Trying to stay committed to a regular workout routine is hard, whether you get up before work to do it – or head out after you’ve logged off.
For most people, deciding when to workout isn’t a case of weighing up the best health benefits, but a case of fitting it in around all our other commitments – work, socialising (when it’s allowed), sleeping. But is this the best way to do it?
Ban Hass personal trainer and instructor at Ride Republic, tells HuffPost UK: “The best time to work out is the time you can stick to. The time you know you can do without making excuses, without having to cancel, and without being too tired to perform at your best.”
And Carly Rowena, fitness blogger and personal trainer, agrees that when you exercise should foremost be a personal preference based on your knowledge of your body and lifestyle, rather than a specific time for everyone. “You want to look at moving when you have your most amount of energy,” she says, adding: “You’ll be destined to get better results.”
If morning or evening exercise doesn’t suit you, consider squeezing in a quick run, HIIT session or yoga class on your lunch break.
So there’s no science to support one or the other?
Jonathan Taylor, Deputy Head of Education at Ultimate Performance Fitness and senior personal trainer, says: “There is no conclusive evidence that shows there is a universal best time to train. It all comes down to the individual.
“There does not appear to be any significant difference in health benefits between training in the morning or at night.”
What are the benefits of a morning workout?
If you are still trying to decide whether to go in the morning or the evening, it might be worth considering the benefits of setting that alarm a little earlier.
“One of the reasons why people suggest getting it done in the morning is to avoid distractions getting in the way. From late nights at work, to evening plans, and general weakening of willpower leading to skipped workouts in the evening. Getting it done early avoids over thinking your gym session for the rest of the day,” says Hass.
Not only does this stop from shirking your gym routine when you get a better offer, but Hass also says it can affect your sleep routine working out in the evening: “If you have difficulty getting to sleep at night you may prefer to do cardio workouts in the morning. The boost in temperature that comes with strenuous physical activity may make it more difficult to get to sleep.
“This will not apply to every individual so if you don’t have trouble getting to sleep there is really no need to change your routine.”
How do I properly fuel my morning workout?
Committed to getting up earlier but not sure what to put in your stomach to fuel your session? Hass says: “Realistically, you’re probably not going to wake up early to eat a balanced breakfast before your 6.30am spin class.
“If you can’t stomach a full breakfast before your workout your best option is to have a small snack 30 minutes before and refuel properly after your session. It is okay to workout on an empty stomach if it works for you, it if doesn’t impact your performance, and if you don’t have low blood sugar levels.”
Rowena suggests a peanut butter sachet or a banana banana before you start and have overnight oats ready for once you have finished.
And what about coffee?
Rowena says: “Sometimes stimulants such as caffeine, pre-workouts or a mood-boosting snack can push you out of that energy slump. I always train without stimulants and believe its best to move when you are feeling your best.”
What are the benefits of an evening workout?
Working out in the evening can also be fraught with potential distractions and excuses. But are there benefits to later in the day?
Hass says: “This may give you longer to fuel your body for a tougher workout and can often be a great way to release stress after a particularly busy day.”
Taylor also says that not compromising on your sleep is essential.
“A lack of quality sleep can increase levels of stress hormone cortisol, when chronically elevated, this will lower levels of testosterone – an important hormone for both men and women – not to mention the effect fatigue can have on your appetite if you’re trying to adhere to a diet.
“So, if you’re sacrificing a few hours of extra sleep in order to get up at 5am and train, it may not be optimal to get you results with your fitness, unless you adjust your bedtime accordingly to allow for 7-9 hours of sleep.”
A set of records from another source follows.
lemma not_ess_bounded_if_pieces_unbounded:
  fixes f :: "real \<Rightarrow> real" and v :: "nat \<Rightarrow> real"
  assumes f: "\<And>x j. lies_only_in x j \<Longrightarrow> f x = v j"
    and lim: "filterlim (\<lambda>j. \<bar>v j\<bar>) at_top sequentially" and J: "nondeg_subinterval J"
  shows "\<not> (\<exists>M. AE x in lebesgue_on J. \<bar>f x\<bar> \<le> M)"
proof
  assume "\<exists>M. AE x in lebesgue_on J. \<bar>f x\<bar> \<le> M"
  then obtain M where M: "AE x in lebesgue_on J. \<bar>f x\<bar> \<le> M" by blast
  obtain N where N: "\<And>j. N \<le> j \<Longrightarrow> M + 1 \<le> \<bar>v j\<bar>"
    using lim by (auto simp: filterlim_at_top eventually_sequentially)
  obtain x y where "x \<in> J" "y \<in> J" "x < y" and "is_interval J" "J \<subseteq> {0..1}"
    using J by (auto simp: nondeg_subinterval_def)
  then have "{x<..<y} \<subseteq> J"
    unfolding is_interval_1 by (meson greaterThanLessThan_iff less_imp_le subsetI)
  text \<open>By nowhere density, a subinterval avoids the finitely many pieces on which \<open>\<bar>v j\<bar> \<le> M\<close> is possible.\<close>
  have "\<And>j. j \<in> {1..<N} \<Longrightarrow> cantor_built (B j) (\<Gamma> j) (A j) (c j) (d j)"
    using built by simp
  then obtain u w where uw: "u < w" "{u<..<w} \<subseteq> {x<..<y}" "\<forall>j\<in>{1..<N}. B j \<inter> {u<..<w} = {}"
    using cantor_built_finite_avoids_subinterval[OF finite_atLeastLessThan _ \<open>x < y\<close>] by blast
  have late: "AE z in lebesgue. z \<in> {u<..<w} \<longrightarrow> (\<exists>j\<ge>N. lies_only_in z j)"
  proof (rule AE_in_late_pieces)
    show "{u<..<w} \<subseteq> {0..1}" using uw(2) \<open>{x<..<y} \<subseteq> J\<close> \<open>J \<subseteq> {0..1}\<close> by blast
    show "B j \<inter> {u<..<w} = {}" if "1 \<le> j" "j < N" for j using uw(3) that by simp
  qed
  have "AE z in lebesgue. z \<in> J \<longrightarrow> \<bar>f z\<bar> \<le> M"
    using M \<open>is_interval J\<close>
    by (subst (asm) AE_restrict_space_iff) (auto simp: real_interval_borel_measurable)
  then have "AE z in lebesgue. z \<notin> {u<..<w}"
    using late
  proof eventually_elim
    case (elim z)
    show ?case
    proof
      assume "z \<in> {u<..<w}"
      then obtain j where "N \<le> j" "lies_only_in z j" using elim(2) by blast
      then have "M + 1 \<le> \<bar>f z\<bar>" using N f by simp
      then show False using elim(1) \<open>z \<in> {u<..<w}\<close> \<open>{u<..<w} \<subseteq> {x<..<y}\<close> \<open>{x<..<y} \<subseteq> J\<close>
        by auto
    qed
  qed
  then show False using not_AE_lebesgue_notin_interval \<open>u < w\<close> by blast
qed

lemma sets_lebesgue_on_B: "j \<ge> 1 \<Longrightarrow> B j \<in> sets (lebesgue_on {0..1})"
  using B_sets B_subset by (subst sets_restrict_space_iff) auto

lemma nn_integral_on_B:
  assumes "j \<ge> 1" "0 \<le> a"
  shows "(\<integral>\<^sup>+ x. ennreal a * indicator (B j) x \<partial>lebesgue_on {0..1}) = ennreal (a / fact j / (exp 1 - 1))"
proof -
  have "emeasure (lebesgue_on {0..1}) (B j) = ennreal (1 / ((exp 1 - 1) * fact j))"
    using B_subset[OF assms(1)] emeasure_B[OF assms(1)] by (simp add: emeasure_restrict_space)
  then have "(\<integral>\<^sup>+ x. ennreal a * indicator (B j) x \<partial>lebesgue_on {0..1})
      = ennreal a * ennreal (1 / ((exp 1 - 1) * fact j))"
    by (simp only: nn_integral_cmult_indicator[OF sets_lebesgue_on_B[OF assms(1)]])
  also have "\<dots> = ennreal (a * (1 / ((exp 1 - 1) * fact j)))"
    using assms(2) by (intro ennreal_mult[symmetric]) simp_all
  also have "\<dots> = ennreal (a / fact j / (exp 1 - 1))" by (simp add: field_simps)
  finally show ?thesis .
qed

lemma integrable_if_pieces_summable:
  fixes f :: "real \<Rightarrow> real"
  assumes f: "\<And>x j. lies_only_in x j \<Longrightarrow> f x = v j"
    and f_meas: "f \<in> borel_measurable (lebesgue_on {0..1})"
    and summ: "summable (\<lambda>j. \<bar>v j\<bar> / fact j)"
  shows "integrable (lebesgue_on {0..1}) f"
proof (rule integrableI_bounded[OF f_meas])
  define t where "t j = \<bar>v (Suc j)\<bar> / fact (Suc j) / (exp 1 - 1)" for j
  have "AE x in lebesgue_on {0..1}.
      ennreal (norm (f x)) = (\<Sum>j. ennreal \<bar>v (Suc j)\<bar> * indicator (B (Suc j)) x)"
    using AE_lies_only_in_on
  proof eventually_elim
    case (elim x)
    then obtain j where j: "lies_only_in x j" by blast
    then show ?case
      using suminf_indicator_lies_only_in[OF j, of "\<lambda>j. ennreal \<bar>v j\<bar>"] by (simp add: f[OF j])
  qed
  then have "(\<integral>\<^sup>+ x. ennreal (norm (f x)) \<partial>lebesgue_on {0..1})
      = (\<integral>\<^sup>+ x. (\<Sum>j. ennreal \<bar>v (Suc j)\<bar> * indicator (B (Suc j)) x) \<partial>lebesgue_on {0..1})"
    by (rule nn_integral_cong_AE)
  also have "\<dots> = (\<Sum>j. \<integral>\<^sup>+ x. ennreal \<bar>v (Suc j)\<bar> * indicator (B (Suc j)) x \<partial>lebesgue_on {0..1})"
    using sets_lebesgue_on_B[of "Suc _"]
    by (intro nn_integral_suminf borel_measurable_times_ennreal borel_measurable_const
        borel_measurable_indicator) simp
  also have "\<dots> = (\<Sum>j. ennreal (t j))"
    by (simp add: nn_integral_on_B t_def)
  also have "\<dots> = ennreal (\<Sum>j. t j)"
  proof (rule suminf_ennreal2)
    show "0 \<le> t j" for j by (simp add: t_def)
    have "summable (\<lambda>j. \<bar>v (Suc j)\<bar> / fact (Suc j))"
      using summ by (simp only: summable_Suc_iff[where f = "\<lambda>j. \<bar>v j\<bar> / fact j"])
    then show "summable t"
      unfolding t_def by (rule summable_divide)
  qed
  finally show "(\<integral>\<^sup>+ x. ennreal (norm (f x)) \<partial>lebesgue_on {0..1}) < \<infinity>"
    by simp
qed
lemma represents_add:
  "represents F r f z \<Longrightarrow> represents F r g w \<Longrightarrow>
    represents F r (\<lambda>\<rho> \<tau>. f \<rho> \<tau> + g \<rho> \<tau>) (\<lambda>\<rho>. z \<rho> + w \<rho>)"
  by (simp add: represents_def distrib_right sum.distrib)

lemma represents_diff:
  "represents F r f z \<Longrightarrow> represents F r g w \<Longrightarrow>
    represents F r (\<lambda>\<rho> \<tau>. f \<rho> \<tau> - g \<rho> \<tau>) (\<lambda>\<rho>. z \<rho> - w \<rho>)"
  by (simp add: represents_def left_diff_distrib sum_subtractf)

lemma represents_scale:
  "represents F r f z \<Longrightarrow> represents F r (\<lambda>\<rho> \<tau>. c * f \<rho> \<tau>) (\<lambda>\<rho>. c * z \<rho>)"
  by (simp add: represents_def sum_distrib_left mult.assoc)

lemma represents_some: "represents F r f z \<Longrightarrow> represents F r (SOME f. represents F r f z) z"
  by (rule someI[of "\<lambda>f. represents F r f z"])

lemma gather_add: "gather F (\<lambda>\<rho> \<tau>. f \<rho> \<tau> + g \<rho> \<tau>) \<tau> = gather F f \<tau> + gather F g \<tau>"
  by (simp add: gather_def sum.distrib)

lemma gather_diff: "gather F (\<lambda>\<rho> \<tau>. f \<rho> \<tau> - g \<rho> \<tau>) \<tau> = gather F f \<tau> - gather F g \<tau>"
  by (simp add: gather_def sum_subtractf)

lemma gather_scale: "gather F (\<lambda>\<rho> \<tau>. c * f \<rho> \<tau>) \<tau> = c * gather F f \<tau>"
  by (simp add: gather_def sum_distrib_left)

lemma gather_in_chains: "gather F f \<in> chains F 2"
  by (simp add: gather_def chains_def)

lemma zero_in_Jid: "0 \<in> Jid F r \<gamma>"
  unfolding Jid_def by (auto intro!: exI[of _ "\<lambda>_. 0"])

context fan3
begin

lemma Jid_ray:
  "\<rho> \<in> cones_dim F 1 \<Longrightarrow> Jid F r \<rho> = {\<Sum>\<tau>\<in>cofaces2 F \<rho>. g \<tau> * l_form \<tau> ^ (r + 1) | g. True}"
  by (simp add: Jid_def cofaces2_def cones_dim_def)

lemma Jid_2cone:
  assumes "\<tau> \<in> cones_dim F 2"
  shows "Jid F r \<tau> = {c * l_form \<tau> ^ (r + 1) | c. True}"
proof -
  have "{\<tau>'\<in>cones_dim F 2. \<tau> \<subseteq> \<tau>'} = {\<tau>}"
  proof (intro set_eqI iffI)
    fix \<tau>' assume \<tau>': "\<tau>' \<in> {\<tau>'\<in>cones_dim F 2. \<tau> \<subseteq> \<tau>'}"
    then have "\<tau> face_of \<tau>'" using assms subcone_face_of by (auto simp: cones_dim_def)
    then show "\<tau>' \<in> {\<tau>}"
      using face_of_aff_dim_lt[OF convex_cone] \<tau>' assms by (fastforce simp: cones_dim_def)
  qed (use assms in auto)
  then show ?thesis using assms by (auto simp: Jid_def cones_dim_def)
qed

lemma represents_iff_Jid: "(\<exists>f. represents F r f z) \<longleftrightarrow> (\<forall>\<rho>\<in>cones_dim F 1. z \<rho> \<in> Jid F r \<rho>)"
proof
  assume "\<forall>\<rho>\<in>cones_dim F 1. z \<rho> \<in> Jid F r \<rho>"
  then have "\<forall>\<rho>\<in>cones_dim F 1. \<exists>g. z \<rho> = (\<Sum>\<tau>\<in>cofaces2 F \<rho>. g \<tau> * l_form \<tau> ^ (r + 1))"
    by (simp add: Jid_ray)
  then show "\<exists>f. represents F r f z" unfolding represents_def by (rule bchoice)
qed (auto simp: represents_def Jid_ray)

lemma sum_rays_represented:
  assumes "represents F r f z"
  shows "(\<Sum>\<rho>\<in>cones_dim F 1. z \<rho>) = (\<Sum>\<tau>\<in>cones_dim F 2. gather F f \<tau> * l_form \<tau> ^ (r + 1))"
proof -
  have "(\<Sum>\<rho>\<in>cones_dim F 1. z \<rho>) = (\<Sum>\<rho>\<in>cones_dim F 1. \<Sum>\<tau>\<in>cofaces2 F \<rho>. f \<rho> \<tau> * l_form \<tau> ^ (r + 1))"
    using assms by (simp add: represents_def)
  also have "\<dots> = (\<Sum>\<tau>\<in>cones_dim F 2. \<Sum>\<rho>\<in>rays_of F \<tau>. f \<rho> \<tau> * l_form \<tau> ^ (r + 1))"
    unfolding cofaces2_def rays_of_def by (rule sum.swap_restrict[OF finite_cones_dim finite_cones_dim])
  also have "\<dots> = (\<Sum>\<tau>\<in>cones_dim F 2. gather F f \<tau> * l_form \<tau> ^ (r + 1))"
    by (simp add: gather_def sum_distrib_right)
  finally show ?thesis .
qed

lemma Kr_eq_gather: "Kr F r = {gather F h | h. represents F r h (\<lambda>_. 0)}"
proof (intro set_eqI iffI)
  fix x assume "x \<in> Kr F r"
  then obtain k where k: "\<forall>v\<in>cones_dim F 1. k v \<in> Kv F r v" and x: "x = (\<lambda>\<tau>. \<Sum>v\<in>cones_dim F 1. k v \<tau>)"
    unfolding Kr_def by blast
  have "represents F r k (\<lambda>_. 0)"
    using k by (simp add: represents_def Kv_def cofaces2_def)
  moreover have "x = gather F k"
  proof
    fix \<tau>
    have "k v \<tau> = 0" if "v \<in> cones_dim F 1" "\<tau> \<notin> cones_dim F 2 \<or> \<not> v \<subseteq> \<tau>" for v
      using k that by (auto simp: Kv_def chains_def)
    then show "x \<tau> = gather F k \<tau>"
      unfolding x gather_def rays_of_def
      by (auto simp: sum.inter_filter[OF finite_cones_dim] intro: sum.neutral sum.cong)
  qed
  ultimately show "x \<in> {gather F h | h. represents F r h (\<lambda>_. 0)}" by blast
next
  fix x assume "x \<in> {gather F h | h. represents F r h (\<lambda>_. 0)}"
  then obtain h where h: "represents F r h (\<lambda>_. 0)" and x: "x = gather F h" by blast
  define k where "k v \<tau> = (if \<tau> \<in> cofaces2 F v then h v \<tau> else 0)" for v \<tau>
  have "k v \<in> Kv F r v" if v: "v \<in> cones_dim F 1" for v
  proof -
    have "(\<Sum>\<tau>\<in>cofaces2 F v. k v \<tau> * l_form \<tau> ^ (r + 1)) = (\<Sum>\<tau>\<in>cofaces2 F v. h v \<tau> * l_form \<tau> ^ (r + 1))"
      by (rule sum.cong) (simp_all add: k_def)
    also have "\<dots> = 0" using h v by (simp add: represents_def)
    finally show ?thesis by (auto simp: Kv_def chains_def k_def cofaces2_def)
  qed
  moreover have "x = (\<lambda>\<tau>. \<Sum>v\<in>cones_dim F 1. k v \<tau>)"
    unfolding x gather_def k_def rays_of_def cofaces2_def
    by (auto simp: sum.inter_filter[OF finite_cones_dim] intro!: sum.neutral)
  ultimately show "x \<in> Kr F r" unfolding Kr_def by blast
qed

lemma Kr_subset_Vr: "Kr F r \<subseteq> Vr F r"
proof
  fix x assume "x \<in> Kr F r"
  then obtain h where h: "represents F r h (\<lambda>_. 0)" and x: "x = gather F h" by (auto simp: Kr_eq_gather)
  show "x \<in> Vr F r" using sum_rays_represented[OF h] by (simp add: x Vr_def gather_in_chains)
qed

lemma sum_incid_rays_of:
  assumes "\<tau> \<in> cones_dim F 2"
  shows "(\<Sum>\<rho>\<in>rays_of F \<tau>. of_int (incid \<tau> \<rho>) * c) = (0::poly3)"
proof -
  have "\<tau> \<in> F" "aff_dim \<tau> = 2" using assms by (auto simp: cones_dim_def)
  then obtain \<rho>1 \<rho>2 where "rays_of F \<tau> = {\<rho>1, \<rho>2}" "\<rho>1 \<noteq> \<rho>2" "incid \<tau> \<rho>1 = 1" "incid \<tau> \<rho>2 = -1"
    by (rule rays_of_2cone)
  then show ?thesis by simp
qed

lemma pos_ray:
  assumes "\<tau> \<in> cones_dim F 2"
  shows "pos_ray F \<tau> \<in> rays_of F \<tau>" "incid \<tau> (pos_ray F \<tau>) = 1"
proof -
  have "\<tau> \<in> F" "aff_dim \<tau> = 2" using assms by (auto simp: cones_dim_def)
  then obtain \<rho>1 \<rho>2 where "rays_of F \<tau> = {\<rho>1, \<rho>2}" "incid \<tau> \<rho>1 = 1"
    by (rule rays_of_2cone)
  then have "\<exists>\<rho>. \<rho> \<in> rays_of F \<tau> \<and> incid \<tau> \<rho> = 1" by blast
  then have "pos_ray F \<tau> \<in> rays_of F \<tau> \<and> incid \<tau> (pos_ray F \<tau>) = 1"
    unfolding pos_ray_def by (rule someI_ex)
  then show "pos_ray F \<tau> \<in> rays_of F \<tau>" "incid \<tau> (pos_ray F \<tau>) = 1" by blast+
qed

lemma balanced_coeff_eq:
  assumes "\<tau> \<in> cones_dim F 2" "\<rho> \<in> rays_of F \<tau>" "gather F f \<tau> = 0"
  shows "of_int (incid \<tau> \<rho>) * f (pos_ray F \<tau>) \<tau> = f \<rho> \<tau>"
proof -
  have "\<tau> \<in> F" "aff_dim \<tau> = 2" using assms(1) by (auto simp: cones_dim_def)
  then obtain \<rho>1 \<rho>2 where \<rho>: "rays_of F \<tau> = {\<rho>1, \<rho>2}" "\<rho>1 \<noteq> \<rho>2" "incid \<tau> \<rho>1 = 1" "incid \<tau> \<rho>2 = -1"
    by (rule rays_of_2cone)
  have pos: "pos_ray F \<tau> = \<rho>1" using pos_ray[OF assms(1)] \<rho>(1,4) by auto
  have "f \<rho>1 \<tau> + f \<rho>2 \<tau> = 0" using assms(1,3) \<rho>(1,2) by (simp add: gather_def)
  then have "f \<rho>2 \<tau> = - f \<rho>1 \<tau>" by (simp add: add_eq_0_iff)
  moreover have "\<rho> = \<rho>1 \<or> \<rho> = \<rho>2" using assms(2) \<rho>(1) by blast
  ultimately show ?thesis using \<rho>(3,4) pos by auto
qed

lemma zero_dim_cone:
  assumes "\<gamma> \<in> F" "aff_dim \<gamma> = 0"
  shows "\<gamma> = {0}"
proof -
  obtain p where "\<gamma> = {p}" using assms(2) aff_dim_eq_0 by blast
  then show ?thesis using cone_zero[OF assms(1)] by simp
qed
How do I properly fuel my evening workout?
After a whole day of eating and drinking, it can be hard to feel like you have properly fuelled for a gym session, compared to in the morning when you’re working with a clean slate.
Hass says: “If you’re exercising after work either have a snack 30-60 minutes before you hit the gym or a balanced meal 2-3 hours prior. You want to make sure you have enough energy without feeling lethargic or nauseous. And of course drinking water before, during and after is very important.
“For my clients that train in the evening I usually ask them to have a higher carb based lunchtime meal and go home and cook their dinner after,” says Rowena.
So should I change the time I exercise?
Overall, is there enough of a reason to change the routine you already have? The experts say there is not “enough evidence to warrant changes” and there is science to back up both options.
Taylor says: “Unless you are an elite athlete, you need to be realistic and balance your training schedule with other life commitments to ensure that your training programme is sustainable and you can get week-to-week consistency.”
Another factor you might not have considered is how busy your gym is, only you know best. “If you know that your gym is going to be busy at a certain time, with queues for machines, no benches free or weights you need not available, it may be better to find a different time to train if possible,” says Taylor.